◆ **DATA LISTING**
★ ★ ★ ★

(* For every sequence $f=(f_m)_{m\ge1}$ and every sequence of test functions $\varphi=(\varphi_m)_{m\ge1}$ (with sufficient smoothness and decay), the weak form defining the BME operator is equivalent to $$\sum_{m\ge1}\int_{\mathbb{R}^n}Q_m(f)\varphi_m\,dv=-\frac14\sum_{m,m_1\ge1}\sum_{m'=1}^{m+m_1-1}(mm_1)^{n/2}\int_{\{(v,v_1,\Omega):(v-v_1)\cdot\Omega\le0\}}B_{m,m_1}(v,v_1,\Omega)\big(\varphi_{m'}(v')+\varphi_{m'_1}(v'_1)-\varphi_m(v)-\varphi_{m_1}(v_1)\big)\Big[\frac{A_{m',m'_1;m}}{(m'm'_1)^{n/2}}f_{m'}(v')f_{m'_1}(v'_1)-\frac{A_{m,m_1;m'}}{(mm_1)^{n/2}}f_m(v)f_{m_1}(v_1)\Big]dv\,dv_1\,d\Omega,$$ where $m'_1=m+m_1-m'$ and $v',v'_1$ are given by the collision rule.
   Context: Let $n\ge1$ be an integer. Particle masses are positive integers. Given masses $m,m_1\ge1$, an integer $m'\in\{1,\dots,m+m_1-1\}$, $m'_1:=m+m_1-m'$, velocities $v,v_1\in\mathbb{R}^n$ and $\Omega\in\mathbb{S}^{n-1}$ with $\Omega\cdot(v-v_1)\le0$, the collision rule gives $v'=\frac{mv+m_1v_1}{m+m_1}+\frac{(mm_1)^{1/2}}{m+m_1}\big(\frac{m'_1}{m'}\big)^{1/2}\big[v-v_1-2((v-v_1)\cdot\Omega)\Omega\big]$, $v'_1=\frac{mv+m_1v_1}{m+m_1}-\frac{(mm_1)^{1/2}}{m+m_1}\big(\frac{m'}{m'_1}\big)^{1/2}\big[v-v_1-2((v-v_1)\cdot\Omega)\Omega\big]$. Let $A_{m,m_1;m'}\ge0$ satisfy $A_{m,m_1;m'}=A_{m_1,m;m'}=A_{m,m_1;m+m_1-m'}$, and let $\mathbf B\ge0$ be a function on $[0,\infty)\times[-1,1]$; write $B_{m,m_1}(v,v_1,\Omega):=\mathbf B\big(\frac{mm_1}{m+m_1}|v-v_1|^2,\ \Omega\cdot\frac{v-v_1}{|v-v_1|}\big)$. The BME operator $Q(f)=(Q_m(f))_{m\ge1}$ is defined in weak form by: for every test sequence $\varphi$, $$\sum_{m\ge1}\int_{\mathbb{R}^n}Q_m(f)\varphi_m\,dv=\frac12\sum_{m,m_1\ge1}\sum_{m'=1}^{m+m_1-1}A_{m,m_1;m'}\int_{\{(v-v_1)\cdot\Omega\le0\}}B_{m,m_1}(v,v_1,\Omega)\big(\varphi_{m'}(v')+\varphi_{m'_1}(v'_1)-\varphi_m(v)-\varphi_{m_1}(v_1)\big)f_m(v)f_{m_1}(v_1)\,dv\,dv_1\,d\Omega.$$ *)

theory Defs
  imports "HOL-Analysis.Analysis"
begin

text \<open>Surface (cone) measure on the unit sphere S^{n-1} of a Euclidean space:
  sigma(A) = n * Lebesgue measure of the cone {r x | 0 < r <= 1, x in A}.\<close>
definition sphere_measure :: "('a::euclidean_space) measure" where
  "sphere_measure =
     measure_of (sphere 0 1) (sets (restrict_space borel (sphere 0 1)))
       (\<lambda>A. ennreal (real DIM('a)) *
              emeasure lborel {r *\<^sub>R x | r x. 0 < r \<and> r \<le> 1 \<and> x \<in> A})"

definition post_v :: "nat \<Rightarrow> nat \<Rightarrow> nat \<Rightarrow> 'a::real_inner \<Rightarrow> 'a \<Rightarrow> 'a \<Rightarrow> 'a" where
  "post_v m m1 m' v v1 \<omega> =
     (1 / real (m + m1)) *\<^sub>R (real m *\<^sub>R v + real m1 *\<^sub>R v1)
     + (sqrt (real m * real m1) / real (m + m1) * sqrt (real (m + m1 - m') / real m'))
       *\<^sub>R (v - v1 - (2 * ((v - v1) \<bullet> \<omega>)) *\<^sub>R \<omega>)"

definition post_v1 :: "nat \<Rightarrow> nat \<Rightarrow> nat \<Rightarrow> 'a::real_inner \<Rightarrow> 'a \<Rightarrow> 'a \<Rightarrow> 'a" where
  "post_v1 m m1 m' v v1 \<omega> =
     (1 / real (m + m1)) *\<^sub>R (real m *\<^sub>R v + real m1 *\<^sub>R v1)
     - (sqrt (real m * real m1) / real (m + m1) * sqrt (real m' / real (m + m1 - m')))
       *\<^sub>R (v - v1 - (2 * ((v - v1) \<bullet> \<omega>)) *\<^sub>R \<omega>)"

definition Bker :: "(real \<Rightarrow> real \<Rightarrow> real) \<Rightarrow> nat \<Rightarrow> nat \<Rightarrow> 'a::real_inner \<Rightarrow> 'a \<Rightarrow> 'a \<Rightarrow> real" where
  "Bker B m m1 v v1 \<omega> =
     B (real m * real m1 / real (m + m1) * (norm (v - v1))\<^sup>2) (\<omega> \<bullet> ((v - v1) /\<^sub>R norm (v - v1)))"

definition coll_space :: "(('a::euclidean_space \<times> 'a) \<times> 'a) measure" where
  "coll_space = (lborel \<Otimes>\<^sub>M lborel) \<Otimes>\<^sub>M sphere_measure"

definition coll_dom :: "(('a::euclidean_space \<times> 'a) \<times> 'a) set" where
  "coll_dom = {((v, v1), \<omega>). (v - v1) \<bullet> \<omega> \<le> 0}"

definition dphi :: "(nat \<Rightarrow> 'a::real_inner \<Rightarrow> real) \<Rightarrow> nat \<Rightarrow> nat \<Rightarrow> nat \<Rightarrow> 'a \<Rightarrow> 'a \<Rightarrow> 'a \<Rightarrow> real" where
  "dphi \<phi> m m1 m' v v1 \<omega> =
     \<phi> m' (post_v m m1 m' v v1 \<omega>) + \<phi> (m + m1 - m') (post_v1 m m1 m' v v1 \<omega>)
     - \<phi> m v - \<phi> m1 v1"

definition triples :: "(nat \<times> nat \<times> nat) set" where
  "triples = {(m, m1, m'). 1 \<le> m \<and> 1 \<le> m1 \<and> 1 \<le> m' \<and> m' < m + m1}"

definition weak_form ::
  "(nat \<Rightarrow> nat \<Rightarrow> nat \<Rightarrow> real) \<Rightarrow> (real \<Rightarrow> real \<Rightarrow> real) \<Rightarrow>
   (nat \<Rightarrow> 'a::euclidean_space \<Rightarrow> real) \<Rightarrow> (nat \<Rightarrow> 'a \<Rightarrow> real) \<Rightarrow> real" where
  "weak_form A B f \<phi> =
     1/2 * (\<Sum>\<^sub>\<infinity>(m, m1)\<in>{1..} \<times> {1..}. \<Sum>m' = 1..m + m1 - 1.
        A m m1 m' *
        (LINT x : coll_dom | coll_space.
           (case x of ((v, v1), \<omega>) \<Rightarrow>
              Bker B m m1 v v1 \<omega> * dphi \<phi> m m1 m' v v1 \<omega> * f m v * f m1 v1)))"

definition sym_form ::
  "(nat \<Rightarrow> nat \<Rightarrow> nat \<Rightarrow> real) \<Rightarrow> (real \<Rightarrow> real \<Rightarrow> real) \<Rightarrow>
   (nat \<Rightarrow> 'a::euclidean_space \<Rightarrow> real) \<Rightarrow> (nat \<Rightarrow> 'a \<Rightarrow> real) \<Rightarrow> real" where
  "sym_form A B f \<phi> =
     - 1/4 * (\<Sum>\<^sub>\<infinity>(m, m1)\<in>{1..} \<times> {1..}. \<Sum>m' = 1..m + m1 - 1.
        (real m * real m1) powr (real DIM('a) / 2) *
        (LINT x : coll_dom | coll_space.
           (case x of ((v, v1), \<omega>) \<Rightarrow>
              Bker B m m1 v v1 \<omega> * dphi \<phi> m m1 m' v v1 \<omega> *
              (A m' (m + m1 - m') m / (real m' * real (m + m1 - m')) powr (real DIM('a) / 2)
                 * f m' (post_v m m1 m' v v1 \<omega>) * f (m + m1 - m') (post_v1 m m1 m' v v1 \<omega>)
               - A m m1 m' / (real m * real m1) powr (real DIM('a) / 2) * f m v * f m1 v1))))"

end

theory Submission
  imports Defs
begin

text \<open>For fixed masses, the map \<open>(v, v\<^sub>1, \<Omega>) \<mapsto> (v', v'\<^sub>1, -\<Omega>)\<close> turns the collision
  \<open>(m, m\<^sub>1 \<rightarrow> m', m'\<^sub>1)\<close> into the reverse collision \<open>(m', m'\<^sub>1 \<rightarrow> m, m\<^sub>1)\<close>: applied to the
  post-collisional data it returns \<open>(v, v\<^sub>1)\<close>, and it preserves momentum, the collision domain
  and the kernel, while the test-function difference changes sign. For fixed \<open>\<Omega>\<close> the map is
  affine in \<open>(v, v\<^sub>1)\<close>: it keeps the centre of mass velocity, reflects the relative velocity and
  scales it by \<open>(m m\<^sub>1 / m' m'\<^sub>1)\<^sup>1\<^sup>/\<^sup>2\<close>. Writing it as a product of shears, a reflection and a
  dilation shows that it multiplies Lebesgue measure by \<open>(m' m'\<^sub>1 / m m\<^sub>1)\<^sup>n\<^sup>/\<^sup>2\<close>, and the
  sphere measure is invariant under \<open>\<Omega> \<mapsto> -\<Omega>\<close>. Hence the gain integral of \<open>(m, m\<^sub>1, m')\<close> is
  minus that factor times the weak-form integral of \<open>(m', m'\<^sub>1, m)\<close>, and reindexing the
  absolutely summable sum over triples by \<open>(m, m\<^sub>1, m') \<mapsto> (m', m'\<^sub>1, m)\<close> turns the
  symmetrised form into the weak form.\<close>

section \<open>The sphere measure\<close>

lemma sets_sphere_measure:
  "sets (sphere_measure :: 'a::euclidean_space measure) = sets (restrict_space borel (sphere 0 1))"
proof -
  have "sets (restrict_space borel (sphere (0::'a) 1)) \<subseteq> Pow (sphere 0 1)"
    using sets.sets_into_space by (fastforce simp: space_restrict_space)
  then show ?thesis
    unfolding sphere_measure_def
    by (subst sets_measure_of)
      (auto simp: sets.sigma_sets_eq[of "restrict_space borel (sphere 0 1)",
                    simplified space_restrict_space, simplified])
qed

★ ★ ★ ★

◆ **TASK STATEMENT**
Only one part of the material above is to be transcribed, namely the lines starting with the line that has "- \<phi> m v" and going on through the line that has "theory Submission", exactly as they stand.

◆ **RESPONSE FOR THIS EXERCISE**
     - \<phi> m v - \<phi> m1 v1"

definition triples :: "(nat \<times> nat \<times> nat) set" where
  "triples = {(m, m1, m'). 1 \<le> m \<and> 1 \<le> m1 \<and> 1 \<le> m' \<and> m' < m + m1}"

definition weak_form ::
  "(nat \<Rightarrow> nat \<Rightarrow> nat \<Rightarrow> real) \<Rightarrow> (real \<Rightarrow> real \<Rightarrow> real) \<Rightarrow>
   (nat \<Rightarrow> 'a::euclidean_space \<Rightarrow> real) \<Rightarrow> (nat \<Rightarrow> 'a \<Rightarrow> real) \<Rightarrow> real" where
  "weak_form A B f \<phi> =
     1/2 * (\<Sum>\<^sub>\<infinity>(m, m1)\<in>{1..} \<times> {1..}. \<Sum>m' = 1..m + m1 - 1.
        A m m1 m' *
        (LINT x : coll_dom | coll_space.
           (case x of ((v, v1), \<omega>) \<Rightarrow>
              Bker B m m1 v v1 \<omega> * dphi \<phi> m m1 m' v v1 \<omega> * f m v * f m1 v1)))"

definition sym_form ::
  "(nat \<Rightarrow> nat \<Rightarrow> nat \<Rightarrow> real) \<Rightarrow> (real \<Rightarrow> real \<Rightarrow> real) \<Rightarrow>
   (nat \<Rightarrow> 'a::euclidean_space \<Rightarrow> real) \<Rightarrow> (nat \<Rightarrow> 'a \<Rightarrow> real) \<Rightarrow> real" where
  "sym_form A B f \<phi> =
     - 1/4 * (\<Sum>\<^sub>\<infinity>(m, m1)\<in>{1..} \<times> {1..}. \<Sum>m' = 1..m + m1 - 1.
        (real m * real m1) powr (real DIM('a) / 2) *
        (LINT x : coll_dom | coll_space.
           (case x of ((v, v1), \<omega>) \<Rightarrow>
              Bker B m m1 v v1 \<omega> * dphi \<phi> m m1 m' v v1 \<omega> *
              (A m' (m + m1 - m') m / (real m' * real (m + m1 - m')) powr (real DIM('a) / 2)
                 * f m' (post_v m m1 m' v v1 \<omega>) * f (m + m1 - m') (post_v1 m m1 m' v v1 \<omega>)
               - A m m1 m' / (real m * real m1) powr (real DIM('a) / 2) * f m v * f m1 v1))))"

end

theory Submission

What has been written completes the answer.